Similar Posts and Pentecost – All Things Seen and Unseen

Similar Posts v.2.5b28 has just been posted.

Working on Similar Posts I have learned more than I care to know about the vagaries of MySQL, PHP, and Unicode. One particular issue that has so far resisted my attempts has been the satisfactory handling of content in Chinese, Korean, or Japanese (CJK).

Similar Posts uses the full-text indexes provided by MySQL to compare one post with another and the MySQL index is word-based. The CJK languages (I am told) are not based on discrete words — at least not words delimited by ‘white space’ — so they pose a big problem to full-text indexing.

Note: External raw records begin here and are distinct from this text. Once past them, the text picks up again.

text \<open>Otherwise \<open>min_poly A = X * r\<close>, and cancelling the invertible \<open>A\<close> in \<open>A ** r(A) = 0\<close>
  gives an annihilating polynomial of smaller degree.\<close>

lemma coeff_0_min_poly_neq_0:
  assumes "invertible A"
  shows "coeff (min_poly A) 0 \<noteq> 0"
proof
  assume "coeff (min_poly A) 0 = 0"
  then obtain r where r: "min_poly A = pCons 0 r"
    by (cases "min_poly A") simp
  with min_poly[of A] have "r \<noteq> 0" and Ar: "A ** poly_mat_eval r A = 0"
    by (auto simp: is_min_poly_def poly_mat_eval_pCons)
  obtain B where "B ** A = mat 1"
    using assms by (auto simp: invertible_def)
  then have "poly_mat_eval r A = B ** (A ** poly_mat_eval r A)"
    by (simp add: matrix_mul_assoc)
  then have "poly_mat_eval r A = 0"
    unfolding Ar by (simp add: matrix_matrix_mult_def vec_eq_iff)
  with \<open>r \<noteq> 0\<close> min_poly[of A] have "degree (min_poly A) \<le> degree r"
    by (auto simp: is_min_poly_def)
  with r \<open>r \<noteq> 0\<close> show False
    by simp
qed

My workaround (hack?/fiddle?/trick?) is to separate the CJK text into individual characters (while leaving single-byte encoded text alone) and use them as the basis for similarity matching. It is clearly not an ideal solution but I would love to hear from the users of WordPress blogs in Chinese, Korean, or Japanese if it is better than no solution at all.

The experiment has a couple of limitations: although not the ideal encoding for CJK languages, this method only works for now on blogs using UTF-8 encoding; also, to get around MySQL’s habit of ignoring words shorter than 4 characters long, each CJK ‘word’ is padded to that length, making for a rather large index.

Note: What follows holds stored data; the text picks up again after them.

(* For any optiongraphs $\mathsf{C}$ and $\mathsf{D}$, $(\mathsf{C}+\mathsf{D})/{\bowtie_{\mathsf{C}+\mathsf{D}}}\cong(\mathsf{C}/{\bowtie_\mathsf{C}}+\mathsf{D}/{\bowtie_\mathsf{D}})/{\bowtie_{\mathsf{E}}}$, where $\mathsf{E}:=\mathsf{C}/{\bowtie_\mathsf{C}}+\mathsf{D}/{\bowtie_\mathsf{D}}$.
   Context: An optiongraph is a nonempty set $\mathsf{D}$ of positions with an option function $\mathrm{Opt}_\mathsf{D}:\mathsf{D}\to 2^{\mathsf{D}}$. A map is option preserving if $\mathrm{Opt}_\mathsf{D}(f(p))=f(\mathrm{Opt}_\mathsf{C}(p))$; an isomorphism ($\cong$) is a bijective option-preserving map. For an equivalence relation $\theta$, $[p]_\theta$ is the class of $p$ and $[S]_\theta:=\{[s]_\theta\mid s\in S\}$; $\theta$ is a congruence relation if $p\mathrel{\theta}q$ implies $[\mathrm{Opt}(p)]_\theta=[\mathrm{Opt}(q)]_\theta$. The quotient $\mathsf{D}/\theta$ has positions the $\theta$-classes and $\mathrm{Opt}([p]_\theta):=[\mathrm{Opt}_\mathsf{D}(p)]_\theta$. For an optiongraph $\mathsf{X}$, $\bowtie_\mathsf{X}$ is the union of all congruence relations on $\mathsf{X}$ (the maximum congruence). The sum $\mathsf{C}+\mathsf{D}$ is the optiongraph on $\mathsf{C}\times\mathsf{D}$ with $\mathrm{Opt}_{\mathsf{C}+\mathsf{D}}(p,q):=(\mathrm{Opt}_\mathsf{C}(p)\times\{q\})\cup(\{p\}\times\mathrm{Opt}_\mathsf{D}(q))$. *)

theory Defs
  imports Main
begin

definition optiongraph :: "'a set \<Rightarrow> ('a \<Rightarrow> 'a set) \<Rightarrow> bool" where
  "optiongraph V Opt \<longleftrightarrow> V \<noteq> {} \<and> (\<forall>p\<in>V. Opt p \<subseteq> V)"

definition cls :: "'a rel \<Rightarrow> 'a \<Rightarrow> 'a set" where
  "cls \<theta> p = \<theta> `` {p}"

definition congruence_rel :: "'a set \<Rightarrow> ('a \<Rightarrow> 'a set) \<Rightarrow> 'a rel \<Rightarrow> bool" where
  "congruence_rel V Opt \<theta> \<longleftrightarrow> equiv V \<theta> \<and>
     (\<forall>p q. (p, q) \<in> \<theta> \<longrightarrow> cls \<theta> ` Opt p = cls \<theta> ` Opt q)"

definition maxcong :: "'a set \<Rightarrow> ('a \<Rightarrow> 'a set) \<Rightarrow> 'a rel" where
  "maxcong V Opt = \<Union> {\<theta>. congruence_rel V Opt \<theta>}"

definition quot_pos :: "'a set \<Rightarrow> 'a rel \<Rightarrow> 'a set set" where
  "quot_pos V \<theta> = V // \<theta>"

definition quot_opt :: "('a \<Rightarrow> 'a set) \<Rightarrow> 'a rel \<Rightarrow> 'a set \<Rightarrow> 'a set set" where
  "quot_opt Opt \<theta> X = cls \<theta> ` Opt (SOME p. p \<in> X)"

definition sum_pos :: "'a set \<Rightarrow> 'b set \<Rightarrow> ('a \<times> 'b) set" where
  "sum_pos C D = C \<times> D"

definition sum_opt :: "('a \<Rightarrow> 'a set) \<Rightarrow> ('b \<Rightarrow> 'b set) \<Rightarrow> 'a \<times> 'b \<Rightarrow> ('a \<times> 'b) set" where
  "sum_opt OptC OptD pq = (OptC (fst pq) \<times> {snd pq}) \<union> ({fst pq} \<times> OptD (snd pq))"

definition og_iso :: "'a set \<Rightarrow> ('a \<Rightarrow> 'a set) \<Rightarrow> 'b set \<Rightarrow> ('b \<Rightarrow> 'b set) \<Rightarrow> ('a \<Rightarrow> 'b) \<Rightarrow> bool" where
  "og_iso V1 Opt1 V2 Opt2 f \<longleftrightarrow> bij_betw f V1 V2 \<and> (\<forall>p\<in>V1. Opt2 (f p) = f ` Opt1 p)"

definition og_isomorphic :: "'a set \<Rightarrow> ('a \<Rightarrow> 'a set) \<Rightarrow> 'b set \<Rightarrow> ('b \<Rightarrow> 'b set) \<Rightarrow> bool" where
  "og_isomorphic V1 Opt1 V2 Opt2 \<longleftrightarrow> (\<exists>f. og_iso V1 Opt1 V2 Opt2 f)"

end

theory Submission
  imports Defs
begin

text \<open>The maximum congruence is bisimilarity: congruences are exactly the bisimulations that
are equivalences, and the equivalence closure of a bisimulation is again one.
An option-preserving map pushes bisimulations forward and pulls them back, so it preserves
and reflects the maximum congruence; if it is surjective it therefore induces an isomorphism of
the quotients by the maximum congruences.  The theorem is the case of the map
\<open>(c, d) \<mapsto> ([c], [d])\<close> from \<open>C + D\<close> onto \<open>C/\<bowtie> + D/\<bowtie>\<close>.\<close>

definition bisimulation :: "'a set \<Rightarrow> ('a \<Rightarrow> 'a set) \<Rightarrow> 'a rel \<Rightarrow> bool" where
  "bisimulation V Opt R \<longleftrightarrow> R \<subseteq> V \<times> V \<and> (\<forall>p q. (p, q) \<in> R \<longrightarrow>
     (\<forall>x\<in>Opt p. \<exists>y\<in>Opt q. (x, y) \<in> R) \<and> (\<forall>y\<in>Opt q. \<exists>x\<in>Opt p. (x, y) \<in> R))"

definition og_hom :: "'a set \<Rightarrow> ('a \<Rightarrow> 'a set) \<Rightarrow> 'b set \<Rightarrow> ('b \<Rightarrow> 'b set) \<Rightarrow> ('a \<Rightarrow> 'b) \<Rightarrow> bool" where
  "og_hom V1 Opt1 V2 Opt2 f \<longleftrightarrow> f ` V1 \<subseteq> V2 \<and> (\<forall>p\<in>V1. Opt2 (f p) = f ` Opt1 p)"

lemma bisimulation_converse:
  "bisimulation V Opt R \<Longrightarrow> bisimulation V Opt (R\<inverse>)"
  unfolding bisimulation_def by blast

lemma bisimulation_Id_on:
  "\<forall>p\<in>V. Opt p \<subseteq> V \<Longrightarrow> bisimulation V Opt (Id_on V)"
  unfolding bisimulation_def by blast

lemma bisimulation_Union:
  "(\<And>R. R \<in> \<R> \<Longrightarrow> bisimulation V Opt R) \<Longrightarrow> bisimulation V Opt (\<Union>\<R>)"
  unfolding bisimulation_def by (auto 0 3 simp: Union_least) (meson UnionI)+

lemma bisimulation_trancl:
  assumes bis: "bisimulation V Opt R"
  shows "bisimulation V Opt (R\<^sup>+)"
proof -
  have "(\<forall>x\<in>Opt p. \<exists>y\<in>Opt q. (x, y) \<in> R\<^sup>+) \<and> (\<forall>y\<in>Opt q. \<exists>x\<in>Opt p. (x, y) \<in> R\<^sup>+)"
    if "(p, q) \<in> R\<^sup>+" for p q
    using that
  proof (induction rule: trancl_induct)
    case (base q)
    then show ?case using bis unfolding bisimulation_def by blast
  next
    case (step q r)
    have "\<forall>x\<in>Opt q. \<exists>y\<in>Opt r. (x, y) \<in> R" "\<forall>y\<in>Opt r. \<exists>x\<in>Opt q. (x, y) \<in> R"
      using step.hyps(2) bis unfolding bisimulation_def by blast+
    with step.IH show ?case by (meson trancl_into_trancl)
  qed
  moreover have "R\<^sup>+ \<subseteq> V \<times> V"
    using bis trancl_subset_Sigma unfolding bisimulation_def by blast
  ultimately show ?thesis unfolding bisimulation_def by blast
qed

lemma congruence_rel_imp_bisimulation:
  assumes closed: "\<forall>p\<in>V. Opt p \<subseteq> V" and cong: "congruence_rel V Opt \<theta>"
  shows "bisimulation V Opt \<theta>"
proof -
  have equiv: "equiv V \<theta>" using cong unfolding congruence_rel_def by blast
  have forth: "\<forall>x\<in>Opt p. \<exists>y\<in>Opt q. (x, y) \<in> \<theta>" if pq: "(p, q) \<in> \<theta>" for p q
  proof
    fix x assume x: "x \<in> Opt p"
    have "cls \<theta> ` Opt p = cls \<theta> ` Opt q" using cong pq unfolding congruence_rel_def by blast
    with x obtain y where y: "y \<in> Opt q" "cls \<theta> x = cls \<theta> y" by blast
    have "p \<in> V" "q \<in> V" using pq equiv equiv_type by blast+
    with x y closed have "x \<in> V" "y \<in> V" by blast+
    with y equiv have "(x, y) \<in> \<theta>" unfolding cls_def using eq_equiv_class_iff by fast
    with y show "\<exists>y\<in>Opt q. (x, y) \<in> \<theta>" by blast
  qed
  have sym: "(q, p) \<in> \<theta>" if "(p, q) \<in> \<theta>" for p q using that equiv by (meson equiv_def symD)
  have backward: "\<forall>y\<in>Opt q. \<exists>x\<in>Opt p. (x, y) \<in> \<theta>" if "(p, q) \<in> \<theta>" for p q
    using forth[OF sym[OF that]] sym by blast
  show ?thesis unfolding bisimulation_def using equiv_type[OF equiv] forth backward by blast
qed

To try this approach, use the Settings | Similar Posts | Manage the Index screen, set the option, and re-index. This setting overrides the other settings on that screen.

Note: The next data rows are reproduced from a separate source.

(* Let $R=\mathbb{Z}_4+u\mathbb{Z}_4$ with $u^2=0$, and let $C=\langle a(x)+ub(x)\rangle$ be the $(1+2u)$-constacyclic code of length $n$ over $R$ given by the ideal of $R[x]/\langle x^n-(1+2u)\rangle$ generated by $a(x)+ub(x)$, where $a(x),b(x)\in\mathbb{Z}_4[x]$ have degree $<n$. Let $\phi:R^n\to\mathbb{Z}_4^{2n}$ be the Gray map $\phi(c_0,\dots,c_{n-1})=(b_0,\dots,b_{n-1},2a_0+b_0,\dots,2a_{n-1}+b_{n-1})$ with $c_i=a_i+ub_i$. Then $\phi(C)$ is a cyclic code over $\mathbb{Z}_4$ of length $2n$, namely the ideal of $\mathbb{Z}_4[x]/\langle x^{2n}-1\rangle$ generated by the polynomials $b(x)+x^n(2a(x)+b(x))$ and $a(x)+x^na(x)$.
   Context: Vectors $(c_0,\dots,c_{m-1})$ are identified with polynomials $\sum_i c_ix^i$; thus codes of length $n$ over $R$ are subsets of $R[x]/\langle x^n-(1+2u)\rangle$ and codes of length $2n$ over $\mathbb{Z}_4$ are subsets of $\mathbb{Z}_4[x]/\langle x^{2n}-1\rangle$, where cyclic codes are exactly ideals. *)

theory Defs
  imports "HOL-Library.Numeral_Type" "HOL-Computational_Algebra.Polynomial"
begin

text \<open>The ring Z4 is the numeral type 4.  The ring R = Z4 + u Z4 with u^2 = 0:
  an element Rel a b stands for a + u b.\<close>

datatype R = Rel (re: "4") (nu: "4")

instantiation R :: comm_ring_1
begin
definition "zero_R = Rel 0 0"
definition "one_R = Rel 1 0"
definition "plus_R x y = Rel (re x + re y) (nu x + nu y)"
definition "minus_R x y = Rel (re x - re y) (nu x - nu y)"
definition "uminus_R x = Rel (- re x) (- nu x)"
definition "times_R x y = Rel (re x * re y) (re x * nu y + nu x * re y)"
instance
  by standard (auto simp: zero_R_def one_R_def plus_R_def minus_R_def uminus_R_def
                 times_R_def algebra_simps intro: R.expand)
end

definition u :: R where "u = Rel 0 1"
definition emb :: "4 \<Rightarrow> R" where "emb c = Rel c 0"

definition plus_u :: "4 poly \<Rightarrow> 4 poly \<Rightarrow> R poly" where
  "plus_u a b = map_poly emb a + smult u (map_poly emb b)"

text \<open>A code of length n given by polynomials of degree < n (vector (c_0..c_{n-1})
  identified with sum c_i x^i).\<close>
definition deg_lt :: "nat \<Rightarrow> 'a::zero poly \<Rightarrow> bool" where
  "deg_lt n p \<longleftrightarrow> (\<forall>i\<ge>n. coeff p i = 0)"

text \<open>The (1+2u)-constacyclic code of length n generated by g: the ideal
  generated by g in R[x]/(x^n - (1+2u)), via its canonical representatives of degree < n.\<close>
definition constacyclic_code :: "nat \<Rightarrow> R poly \<Rightarrow> R poly set" where
  "constacyclic_code n g = {c. deg_lt n c \<and>
      (\<exists>r s. c = r * g + s * (monom 1 n - [:1 + 2 * u:]))}"

text \<open>The cyclic code of length m over Z4 generated by g1 and g2: the ideal
  generated by g1, g2 in Z4[x]/(x^m - 1), via representatives of degree < m.\<close>
definition cyclic_code2 :: "nat \<Rightarrow> 4 poly \<Rightarrow> 4 poly \<Rightarrow> 4 poly set" where
  "cyclic_code2 m g1 g2 = {v. deg_lt m v \<and>
      (\<exists>r1 r2 s. v = r1 * g1 + r2 * g2 + s * (monom 1 m - 1))}"

text \<open>Gray map on length-n words: c_i = a_i + u b_i is sent to
  (b_0..b_{n-1}, 2a_0+b_0, .., 2a_{n-1}+b_{n-1}), i.e. as polynomials
  b(x) + x^n (2a(x) + b(x)).\<close>
definition gray :: "nat \<Rightarrow> R poly \<Rightarrow> 4 poly" where
  "gray n c = map_poly nu c + monom 1 n * (smult 2 (map_poly re c) + map_poly nu c)"

end

theory Submission
  imports Defs
begin

text \<open>Write \<open>\<rho>\<close> and \<open>\<nu>\<close> for the coefficientwise projections \<open>a + u b \<mapsto> a\<close> and
  \<open>a + u b \<mapsto> b\<close> from \<open>R[x]\<close> to \<open>\<int>\<^sub>4[x]\<close>, so that the Gray map is
  \<open>\<phi>(c) = \<nu>(c) + x\<^sup>n (2\<rho>(c) + \<nu>(c))\<close>.  Because \<open>u\<^sup>2 = 0\<close>, \<open>\<rho>\<close> is a ring homomorphism
  and \<open>\<nu>\<close> satisfies the Leibniz rule \<open>\<nu>(s h) = \<rho>(s) \<nu>(h) + \<nu>(s) \<rho>(h)\<close>, whence
  \<open>\<phi>(s h) = \<rho>(s) \<phi>(h) + \<nu>(s) (1 + x\<^sup>n) \<rho>(h)\<close>.  For \<open>h = a + u b\<close> this is
  \<open>\<rho>(s) g\<^sub>1 + \<nu>(s) g\<^sub>2\<close> with the two claimed generators, and for
  \<open>h = x\<^sup>n - (1 + 2u)\<close> it is \<open>(2\<rho>(s) + \<nu>(s)) (x\<^sup>2\<^sup>n - 1)\<close>.  Since \<open>(\<rho>(s), \<nu>(s))\<close> can be
  any pair, \<open>\<phi>\<close> maps the ideal \<open>\<langle>a + u b, x\<^sup>n - (1 + 2u)\<rangle>\<close> of \<open>R[x]\<close> onto the ideal
  \<open>\<langle>g\<^sub>1, g\<^sub>2, x\<^sup>2\<^sup>n - 1\<rangle>\<close> of \<open>\<int>\<^sub>4[x]\<close>.  Both moduli are monic, so every residue class has a
  unique representative of degree below \<open>n\<close> resp. \<open>2n\<close>, and \<open>\<phi>\<close> sends the former
  representatives to the latter.\<close>

lemma deg_lt_iff_degree: "deg_lt n p \<longleftrightarrow> p = 0 \<or> degree p < n"
proof
  assume "deg_lt n p"
  then show "p = 0 \<or> degree p < n"
    by (metis deg_lt_def leading_coeff_0_iff not_le)
next
  assume "p = 0 \<or> degree p < n"
  then show "deg_lt n p"
    by (auto simp: deg_lt_def coeff_eq_0)
qed

lemma
  fixes q :: "'a::comm_ring_1 poly"
  assumes "degree q < m"
  shows degree_monom_minus_lower: "degree (monom 1 m - q) = m"
    and lead_coeff_monom_minus_lower: "lead_coeff (monom 1 m - q) = 1"
proof -
  have lower: "degree (- q) < degree (monom 1 m :: 'a poly)"
    using assms by (simp add: degree_monom_eq)
  show "degree (monom 1 m - q) = m"
    using degree_add_eq_left[OF lower] by (metis degree_monom_eq diff_conv_add_uminus one_neq_zero)
  show "lead_coeff (monom 1 m - q) = 1"
    using lead_coeff_add_le[OF lower] by (metis add.commute diff_conv_add_uminus lead_coeff_monom)
qed

lemma monic_division:
  fixes f p :: "'a::comm_ring_1 poly"
  assumes "lead_coeff p = 1"
  obtains q r where "f = q * p + r" and "deg_lt (degree p) r"
proof -
  obtain q r where qr: "pseudo_divmod f p = (q, r)"
    by fastforce
  have "p \<noteq> 0"
    using assms by auto
  from pseudo_divmod[OF this qr] assms have "f = q * p + r" "deg_lt (degree p) r"
    by (simp_all add: deg_lt_iff_degree mult.commute)
  then show thesis
    by (rule that)
qed

lemma monic_multiple_deg_lt_eq_0:
  fixes k p :: "'a::comm_ring_1 poly"
  assumes "lead_coeff p = 1" and "deg_lt (degree p) (k * p)"
  shows "k * p = 0"
proof -
  have "lead_coeff k = coeff (k * p) (degree k + degree p)"
    using coeff_mult_degree_sum[of k p] assms(1) by simp
  also have "\<dots> = 0"
    using assms(2) by (simp add: deg_lt_def)
  finally show ?thesis
    by simp
qed

abbreviation re_poly :: "R poly \<Rightarrow> 4 poly" where "re_poly p \<equiv> map_poly re p"
abbreviation nu_poly :: "R poly \<Rightarrow> 4 poly" where "nu_poly p \<equiv> map_poly nu p"

abbreviation constacyclic_modulus :: "nat \<Rightarrow> R poly" where
  "constacyclic_modulus n \<equiv> monom 1 n - [:1 + 2 * u:]"
abbreviation cyclic_modulus :: "nat \<Rightarrow> 'a::comm_ring_1 poly" where
  "cyclic_modulus m \<equiv> monom 1 m - 1"

lemma re_zero [simp]: "re 0 = 0" and nu_zero [simp]: "nu 0 = 0"
  by (simp_all add: zero_R_def)

lemma re_one [simp]: "re 1 = 1" and nu_one [simp]: "nu 1 = 0"
  by (simp_all add: one_R_def)

lemma re_plus [simp]: "re (x + y) = re x + re y" and nu_plus [simp]: "nu (x + y) = nu x + nu y"
  by (simp_all add: plus_R_def)

lemma re_minus [simp]: "re (x - y) = re x - re y" and nu_minus [simp]: "nu (x - y) = nu x - nu y"
  by (simp_all add: minus_R_def)

lemma re_times [simp]: "re (x * y) = re x * re y"
  and nu_times [simp]: "nu (x * y) = re x * nu y + nu x * re y"
  by (simp_all add: times_R_def)

lemma re_two [simp]: "re 2 = 2" and nu_two [simp]: "nu 2 = 0"
  by (simp_all only: one_add_one[symmetric] re_plus nu_plus re_one nu_one) simp

lemma re_u [simp]: "re u = 0" and nu_u [simp]: "nu u = 1"
  by (simp_all add: u_def)

lemma re_emb [simp]: "re (emb c) = c" and nu_emb [simp]: "nu (emb c) = 0"
  by (simp_all add: emb_def)

lemma emb_zero [simp]: "emb 0 = 0"
  by (simp add: emb_def zero_R_def)

lemma re_sum: "re (sum f A) = (\<Sum>i\<in>A. re (f i))"
  by (induction A rule: infinite_finite_induct) simp_all

lemma nu_sum: "nu (sum f A) = (\<Sum>i\<in>A. nu (f i))"
  by (induction A rule: infinite_finite_induct) simp_all

lemma re_poly_plus: "re_poly (p + q) = re_poly p + re_poly q"
  by (rule poly_eqI) (simp add: coeff_map_poly)

lemma nu_poly_plus: "nu_poly (p + q) = nu_poly p + nu_poly q"
  by (rule poly_eqI) (simp add: coeff_map_poly)

lemma re_poly_times: "re_poly (p * q) = re_poly p * re_poly q"
  by (rule poly_eqI) (simp add: coeff_map_poly coeff_mult re_sum)

lemma nu_poly_times: "nu_poly (p * q) = re_poly p * nu_poly q + nu_poly p * re_poly q"
  by (rule poly_eqI) (simp add: coeff_map_poly coeff_mult nu_sum sum.distrib)

lemma re_poly_plus_u [simp]: "re_poly (plus_u a b) = a"
  by (rule poly_eqI) (simp add: plus_u_def coeff_map_poly)

lemma nu_poly_plus_u [simp]: "nu_poly (plus_u a b) = b"
  by (rule poly_eqI) (simp add: plus_u_def coeff_map_poly)

lemma re_poly_constacyclic_modulus: "re_poly (constacyclic_modulus n) = cyclic_modulus n"
  by (rule poly_eqI) (simp add: coeff_map_poly coeff_monom coeff_pCons split: nat.split)

lemma nu_poly_constacyclic_modulus: "nu_poly (constacyclic_modulus n) = [:-2:]"
  by (rule poly_eqI) (auto simp: coeff_map_poly coeff_monom coeff_pCons split: nat.split)

lemma gray_plus: "gray n (p + q) = gray n p + gray n q"
  by (simp add: gray_def re_poly_plus nu_poly_plus algebra_simps smult_add_right)

lemma gray_times:
  "gray n (s * h) = re_poly s * gray n h + nu_poly s * (re_poly h + monom 1 n * re_poly h)"
  by (simp add: gray_def re_poly_times nu_poly_times algebra_simps)

lemma gray_times_plus_u:
  "gray n (r * plus_u a b)
     = re_poly r * (b + monom 1 n * (smult 2 a + b)) + nu_poly r * (a + monom 1 n * a)"
  unfolding gray_times by (simp add: gray_def)

lemma gray_times_constacyclic_modulus:
  "gray n (s * constacyclic_modulus n)
     = (smult 2 (re_poly s) + nu_poly s) * cyclic_modulus (2 * n)"
proof -
  have gray_modulus: "gray n (constacyclic_modulus n) = smult 2 (cyclic_modulus (2 * n))"
    by (rule poly_eqI)
      (auto simp: gray_def re_poly_constacyclic_modulus nu_poly_constacyclic_modulus
        coeff_monom_mult coeff_monom coeff_pCons split: nat.split)
  have re_modulus: "re_poly (constacyclic_modulus n) + monom 1 n * re_poly (constacyclic_modulus n)
      = cyclic_modulus (2 * n)"
    unfolding re_poly_constacyclic_modulus by (simp add: algebra_simps mult_monom flip: mult_2)
  show ?thesis
    unfolding gray_times gray_modulus re_modulus
    by (simp add: algebra_simps smult_add_right smult_diff_right)
qed

lemma deg_lt_gray: "deg_lt n c \<Longrightarrow> deg_lt (2 * n) (gray n c)"
  by (auto simp: deg_lt_def gray_def coeff_monom_mult coeff_map_poly)

lemma gray_constacyclic_combination:
  "gray n (r * plus_u a b + s * constacyclic_modulus n)
     = re_poly r * (b + monom 1 n * (smult 2 a + b)) + nu_poly r * (a + monom 1 n * a)
       + (smult 2 (re_poly s) + nu_poly s) * cyclic_modulus (2 * n)"
  by (simp add: gray_plus gray_times_plus_u gray_times_constacyclic_modulus)

lemma gray_constacyclic_code_subset:
  "gray n ` constacyclic_code n (plus_u a b)
     \<subseteq> cyclic_code2 (2 * n) (b + monom 1 n * (smult 2 a + b)) (a + monom 1 n * a)"
proof
  fix v assume "v \<in> gray n ` constacyclic_code n (plus_u a b)"
  then obtain c r s where "deg_lt n c" and "c = r * plus_u a b + s * constacyclic_modulus n"
    and "v = gray n c"
    by (auto simp: constacyclic_code_def)
  with deg_lt_gray gray_constacyclic_combination
  show "v \<in> cyclic_code2 (2 * n) (b + monom 1 n * (smult 2 a + b)) (a + monom 1 n * a)"
    unfolding cyclic_code2_def by blast
qed

text \<open>The codeword is \<open>(r\<^sub>1 + u r\<^sub>2) (a + u b)\<close> reduced modulo the monic \<open>x\<^sup>n - (1 + 2u)\<close>.\<close>

lemma constacyclic_codeword_with_gray_image:
  assumes "n > 0"
  obtains c k where "c \<in> constacyclic_code n (plus_u a b)"
    and "gray n c = r1 * (b + monom 1 n * (smult 2 a + b)) + r2 * (a + monom 1 n * a)
                    + k * cyclic_modulus (2 * n)"
proof -
  have "degree [:1 + 2 * u:] < n"
    using assms by simp
  then have "lead_coeff (constacyclic_modulus n) = 1" and "degree (constacyclic_modulus n) = n"
    by (rule lead_coeff_monom_minus_lower, rule degree_monom_minus_lower)
  then obtain q c where "plus_u r1 r2 * plus_u a b = q * constacyclic_modulus n + c"
    and c_deg: "deg_lt n c"
    by (metis monic_division)
  then have c_eq: "c = plus_u r1 r2 * plus_u a b + (- q) * constacyclic_modulus n"
    by (simp add: algebra_simps)
  with c_deg have "c \<in> constacyclic_code n (plus_u a b)"
    unfolding constacyclic_code_def by blast
  moreover have "gray n c = r1 * (b + monom 1 n * (smult 2 a + b)) + r2 * (a + monom 1 n * a)
      + (smult 2 (re_poly (- q)) + nu_poly (- q)) * cyclic_modulus (2 * n)"
    unfolding c_eq gray_constacyclic_combination by simp
  ultimately show thesis
    by (rule that)
qed

lemma cyclic_code2_subset_gray_constacyclic_code:
  "cyclic_code2 (2 * n) (b + monom 1 n * (smult 2 a + b)) (a + monom 1 n * a)
     \<subseteq> gray n ` constacyclic_code n (plus_u a b)"
proof
  fix v assume "v \<in> cyclic_code2 (2 * n) (b + monom 1 n * (smult 2 a + b)) (a + monom 1 n * a)"
  then obtain r1 r2 s where v_deg: "deg_lt (2 * n) v"
    and v: "v = r1 * (b + monom 1 n * (smult 2 a + b)) + r2 * (a + monom 1 n * a)
                + s * cyclic_modulus (2 * n)"
    by (auto simp: cyclic_code2_def)
  show "v \<in> gray n ` constacyclic_code n (plus_u a b)"
  proof (cases "n = 0")
    case True
    with v_deg have "v = gray n 0"
      by (simp add: deg_lt_iff_degree gray_def)
    moreover have "0 \<in> constacyclic_code n (plus_u a b)"
      by (auto simp: constacyclic_code_def deg_lt_def intro!: exI[of _ 0])
    ultimately show ?thesis
      by blast
  next
    case False
    then obtain c k where c_code: "c \<in> constacyclic_code n (plus_u a b)"
      and gray_c: "gray n c = r1 * (b + monom 1 n * (smult 2 a + b)) + r2 * (a + monom 1 n * a)
                             + k * cyclic_modulus (2 * n)"
      by (metis constacyclic_codeword_with_gray_image gr0I)
    have "gray n c - v = (k - s) * cyclic_modulus (2 * n)"
      by (simp add: gray_c v algebra_simps)
    moreover have "deg_lt (2 * n) (gray n c - v)"
      using c_code v_deg deg_lt_gray[of n c] by (simp add: constacyclic_code_def deg_lt_def)
    moreover have "lead_coeff (cyclic_modulus (2 * n) :: 4 poly) = 1"
      and "degree (cyclic_modulus (2 * n) :: 4 poly) = 2 * n"
      using False by (simp_all add: lead_coeff_monom_minus_lower degree_monom_minus_lower)
    ultimately have "gray n c = v"
      using monic_multiple_deg_lt_eq_0[of "cyclic_modulus (2 * n)" "k - s"] by simp
    with c_code show ?thesis
      by blast
  qed
qed

theorem theorem5p6:
  fixes n :: nat and a b :: "4 poly"
  assumes "deg_lt n a" and "deg_lt n b"
  shows "gray n ` constacyclic_code n (plus_u a b)
       = cyclic_code2 (2 * n) (b + monom 1 n * (smult 2 a + b)) (a + monom 1 n * a)"
  using gray_constacyclic_code_subset cyclic_code2_subset_gray_constacyclic_code
  by (rule subset_antisym)

end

The reference to Pentecost in this post’s title is because today’s Feast celebrates the undoing of Babel.

2 replies on “Similar Posts and Pentecost”

Gregory says:

May 11th, 2008 at 8:38 pm

Brilliant!

Just stumbled across your blog looking for a caching solution for my various WordPress blogs. A Jesuit priest writes WordPress plugins — I was intrigued. All the more so when you attempted to tie full-text indexing to Pentecost. Well done.

Also — and I don’t know how much this helps you — but MySQL only sets the minimum index length to four characters by default. To change it, modify the ft_min_word_len variable in the my.cnf file on your server. (Some hosting providers lock this down, however, because of the drain on SQL resources.)

Anyway, thanks for the plugins — and the homilies.
Rob says:

May 11th, 2008 at 9:50 pm

Gregory: You described the problem — most shared hosting won’t let you near ft_min_word_len.

My health has barred me from preaching these days so I content myself with thinking the easier thoughts computers think 😉

Comments are closed.